In addition, the principle that all Deputies should have an opportunity to contribute to the work of the Dáil has not yet been achieved. In large part this is because we have the absurd situation where the greater the mandate your party holds the less opportunity you have to speak. Ad-hoc groupings of a few Deputies have a right to be heard – but the grossly disproportionate amount of speaking time allocated to them, at the expense of dramatically larger parties is certainly not conducive to a parliament which reflects the will of the people.
The legitimate question has been asked as to whether a minority government and diverse parliament can deliver credible decisions on important issues. The easy answer is that the experience from other countries is that of course it can. The more detailed answer is that there is no major national issue where the government’s minority status prevents it bringing forward and securing support for tough action. There are many issues where it cannot prevail, but so far there is no so-called major ‘tough decision’ which has been stymied by its minority status.
The boundaries of a responsible fiscal policy have been agreed. There is no issue as to whether we can have a sustainable budget. However if you look at the immediate national threats – the housing crisis, health services and other essential services under pressure, the need for productive investment, tackling exploitative employment and, of course, the challenge of Brexit – in each of these areas nothing about its status prevents the government showing determination.
“We would be more effective and have better policies if we didn’t have to seek support from others” is not a credible defence. Equally a charge which has been administered incompetently, raises almost no net revenue, has diverted funding away from vital investment and has no broad public legitimacy has nothing to do with the substance of good government.

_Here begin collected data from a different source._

(* Let $T$ be a subcubic tree of order $n$ and dissociation number $\psi$. If $\psi=\frac{4n+2}{5}$, then $T$ has exactly one maximum dissociation set, i.e., $\Phi(T)=1$.
   Context: All graphs are finite, simple and undirected. A subcubic tree is a tree of maximum degree at most $3$. A dissociation set in a graph $G$ is a vertex subset $F$ such that the induced subgraph $G[F]$ has maximum degree at most $1$; a maximum dissociation set is one of maximum cardinality, and the dissociation number $\psi(G)$ is that cardinality. $\Phi(G)$ denotes the number of maximum dissociation sets of $G$. *)

theory Defs
  imports Main
begin

definition graph :: "'a set \<Rightarrow> 'a set set \<Rightarrow> bool" where
  "graph V E \<longleftrightarrow> finite V \<and> (\<forall>e\<in>E. e \<subseteq> V \<and> card e = 2)"

definition adj :: "'a set set \<Rightarrow> 'a \<Rightarrow> 'a \<Rightarrow> bool" where
  "adj E u v \<longleftrightarrow> {u, v} \<in> E"

definition degree :: "'a set set \<Rightarrow> 'a \<Rightarrow> nat" where
  "degree E v = card {u. adj E v u}"

definition walk :: "'a set set \<Rightarrow> 'a list \<Rightarrow> bool" where
  "walk E xs \<longleftrightarrow> xs \<noteq> [] \<and> (\<forall>i. Suc i < length xs \<longrightarrow> adj E (xs ! i) (xs ! Suc i))"

definition connected_graph :: "'a set \<Rightarrow> 'a set set \<Rightarrow> bool" where
  "connected_graph V E \<longleftrightarrow> V \<noteq> {} \<and>
     (\<forall>u\<in>V. \<forall>v\<in>V. \<exists>xs. walk E xs \<and> hd xs = u \<and> last xs = v)"

definition is_cycle :: "'a set set \<Rightarrow> 'a list \<Rightarrow> bool" where
  "is_cycle E xs \<longleftrightarrow> length xs \<ge> 3 \<and> distinct xs \<and> walk E xs \<and> adj E (last xs) (hd xs)"

definition tree :: "'a set \<Rightarrow> 'a set set \<Rightarrow> bool" where
  "tree V E \<longleftrightarrow> graph V E \<and> connected_graph V E \<and> \<not> (\<exists>xs. is_cycle E xs)"

definition subcubic_tree :: "'a set \<Rightarrow> 'a set set \<Rightarrow> bool" where
  "subcubic_tree V E \<longleftrightarrow> tree V E \<and> (\<forall>v\<in>V. degree E v \<le> 3)"

definition dissociation_set :: "'a set \<Rightarrow> 'a set set \<Rightarrow> 'a set \<Rightarrow> bool" where
  "dissociation_set V E F \<longleftrightarrow> F \<subseteq> V \<and>
     (\<forall>v\<in>F. card {u\<in>F. adj E v u} \<le> 1)"

definition dissociation_number :: "'a set \<Rightarrow> 'a set set \<Rightarrow> nat" where
  "dissociation_number V E = Max (card ` {F. dissociation_set V E F})"

definition max_dissociation_set :: "'a set \<Rightarrow> 'a set set \<Rightarrow> 'a set \<Rightarrow> bool" where
  "max_dissociation_set V E F \<longleftrightarrow> dissociation_set V E F \<and>
     card F = dissociation_number V E"

definition num_max_dissociation_sets :: "'a set \<Rightarrow> 'a set set \<Rightarrow> nat" where
  "num_max_dissociation_sets V E = card {F. max_dissociation_set V E F}"

end

theory Submission
  imports Defs
begin

text \<open>
  Let F be a dissociation set and S = V - F. The edges inside F form a matching, so there are at
  most |F|/2 of them, and every other edge meets S, so these are counted by the degrees in S,
  edges inside S being counted twice. In a subcubic tree, n - 1 = |E| \<le> |F|/2 + 3|S| gives
  5|F| \<le> 4n + 2, and equality forces S to be an independent set of vertices of degree 3.
  If F' is a second maximum dissociation set, a vertex of F' - F has three neighbours, at most
  one of them in F', and the others lie outside S by independence, so in F - F'; symmetrically
  for F - F'. Thus every vertex of the symmetric difference has two neighbours inside it, which
  yields a cycle.
\<close>

lemma adj_commute: "adj E u v \<longleftrightarrow> adj E v u"
  by (simp add: adj_def insert_commute)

We believe there should be a more urgent and ambitious approach to issues by government. There should be a less ideological and divisive approach – and there should be a much greater focus on preventing growing division in our society. However we tried and failed to form a government on three occasions and accepted that an alternative should be tried without abandoning core promises to the people who voted for us. More importantly we have accepted the idea that every person elected to parliament has an obligation to contribute constructively.
Let’s remember that we have this political situation as a result of a public which has shown a wide distrust of politics and has lost its patience with promises of reform to a system which manifestly failed to deliver a sustainable model of good governance.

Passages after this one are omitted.